Renewable energy has long been treated with scepticism. Some policymakers argue against renewable energy sources as unreliable, and this has resulted in a roller coaster market for renewables as policies sometimes shift rapidly – seemingly without consideration for the impact to benefits such as jobs and energy independence.

Yet, the ever decreasing cost of renewables as technology advances has kept the South African market growing, albeit more slowly than is required to meet stated commitments for carbon reduction.

One major argument against renewables is that they do not produce a consistent baseload power like fossil fuels. The common refrain is that the wind does not always blow, and the sun does not shine at night.

Of course, these are true, but it must be remembered that we are in a transition to a cleaner future – it is not an overnight change. It will take time, but the day will come when we run completely on renewable and clean power.

This is being accelerated by the falling cost of battery storage which helps optimise the use of intermittent renewable energy on the grid – further opening up the possibility of powering South Africa with clean, renewable energy while shifting further away from our reliance on fossil fuels.

When renewable energy sources generate more energy than businesses or homes require, the excess can be stored securely. This energy can then be released during times of peak demand, which means less need for conventional fuel generation.

This reduces the carbon footprint of South Africa’s energy supply.

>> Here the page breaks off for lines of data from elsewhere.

(* Let $\{\varphi_n\},\{\psi_n\}$ be biorthogonal sequences in a Hilbert space $\mathcal H$ forming a $(\mathcal D,\mathcal E)$-quasi basis for dense subspaces $\mathcal D,\mathcal E$ with $D_\psi\subseteq\mathcal D\subseteq D(\varphi)$, $D_\varphi\subseteq\mathcal E\subseteq D(\psi)$. Then there exists an ONB $\{f_n\}$ of $\mathcal H$ such that $\overline{T_{f,\varphi}|_{\mathcal D}}$ is a positive self-adjoint operator and $(\{f_n\},\overline{T_{f,\varphi}|_{\mathcal D}})$ is a constructing pair for the generalized Riesz system $\{\varphi_n\}$. Furthermore, $(\{f_n\},(\overline{T_{f,\varphi}|_{\mathcal D}})^{-1})$ is a constructing pair for the generalized Riesz system $\{\psi_n\}$.
   Context: Inner product linear in the first argument. Biorthogonal: $\langle\varphi_n,\psi_m\rangle=\delta_{nm}$. $D_\varphi,D_\psi$ are the linear spans; $D(\varphi)=\{x:\sum_n|\langle x,\varphi_n\rangle|^2<\infty\}$, similarly $D(\psi)$. The pair is a $(\mathcal D,\mathcal E)$-quasi basis if $\sum_k\langle x,\varphi_k\rangle\langle\psi_k,y\rangle=\langle x,y\rangle$ for all $x\in\mathcal D$, $y\in\mathcal E$. For an ONB $\{f_n\}$, $T_{f,\varphi}$ is the operator with domain $D(\varphi)$, $T_{f,\varphi}x=\sum_n\langle x,\varphi_n\rangle f_n$; bar denotes closure and $|_{\mathcal D}$ restriction. A constructing pair for a sequence $\{\chi_n\}$ is a pair $(\{f_n\},S)$ with $\{f_n\}$ an ONB and $S$ a densely defined closed operator with densely defined inverse such that $f_n\in D(S)\cap D((S^{-1})^* )$ and $Sf_n=\chi_n$ for all $n$; a sequence admitting one is a generalized Riesz system. *)

theory Defs
  imports "HOL-Analysis.Analysis"
begin

class complex_vector = real_vector +
  fixes scaleC :: "complex \<Rightarrow> 'a \<Rightarrow> 'a"  (infixr \<open>*\<^sub>C\<close> 75)
  assumes scaleC_add_right: "a *\<^sub>C (x + y) = a *\<^sub>C x + a *\<^sub>C y"
    and scaleC_add_left: "(a + b) *\<^sub>C x = a *\<^sub>C x + b *\<^sub>C x"
    and scaleC_scaleC: "a *\<^sub>C (b *\<^sub>C x) = (a * b) *\<^sub>C x"
    and scaleC_one: "1 *\<^sub>C x = x"
    and scaleR_scaleC: "scaleR r x = complex_of_real r *\<^sub>C x"

class complex_normed_vector = complex_vector + real_normed_vector +
  assumes norm_scaleC: "norm (a *\<^sub>C x) = cmod a * norm x"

Even better, this energy can be located anywhere on the grid or in private consumer homes, so that businesses and houses can help eliminate harmful emissions and save costs.

To meet global emissions reduction targets and drive forward a nationwide low carbon economy, we will need to learn to rely on renewables. The deployment of pioneering energy storage solutions will be crucial in this process as we attempt to embed sustainability within the national energy grid.

Another increasingly interesting application of storage is in microgrids which can efficiently and economically plan for local energy generation and distribution, while increasing reliability.

The implementation of local, distributed power generation and storage can be designed to allow portions of the grid and critical facilities to operate independently of the larger national grid when necessary, helping reduce the potential for unforeseen blackouts.

The storage systems that are part of these microgrids – whether large or small – can also provide ancillary services to the grid, again strengthening performance and reducing the use of carbon generation.

Energy storage gives businesses and consumers the power of choice to optimise their energy costs and provides them with flexibility for the future. We are already seeing advanced aggregators working with businesses to educate and inform them on the extra money to be made while supporting the transition to a smarter, environmentally friendly energy grid.

Investment in storage still needs to increase to ensure renewable energy sources can fully step into the breach created by the decline in coal use. The ever-falling price of energy storage technology today is creating an increasingly viable and attractive investment opportunity – but many South African businesses are still not aware of this potential.

Energy storage technology can be complicated to understand from a commercial perspective when it comes to exactly how it will save money for a particular site. However, the option to sell surplus energy back to the grid through ancillary services opens up new revenue streams that help offset the cost of electricity and dramatically strengthen the business use case.

Adapting the South African regulatory framework to remove barriers to entry in the ancillary services market will facilitate this option and better support the development of a healthy energy grid.

The shift to a cleaner future is already taking place as South Africa moves away from coal and towards renewables. Eskom CEO Andre de Ruyter affirming that renewable energy will have to have a place in the country’s energy portfolio if the utility is ever to provide reliable energy, along with recognising that the company cannot continue to violate environmental laws.

Energy storage will accelerate this trend and help ensure a clean, stable, and cost-effective supply of electricity for the country.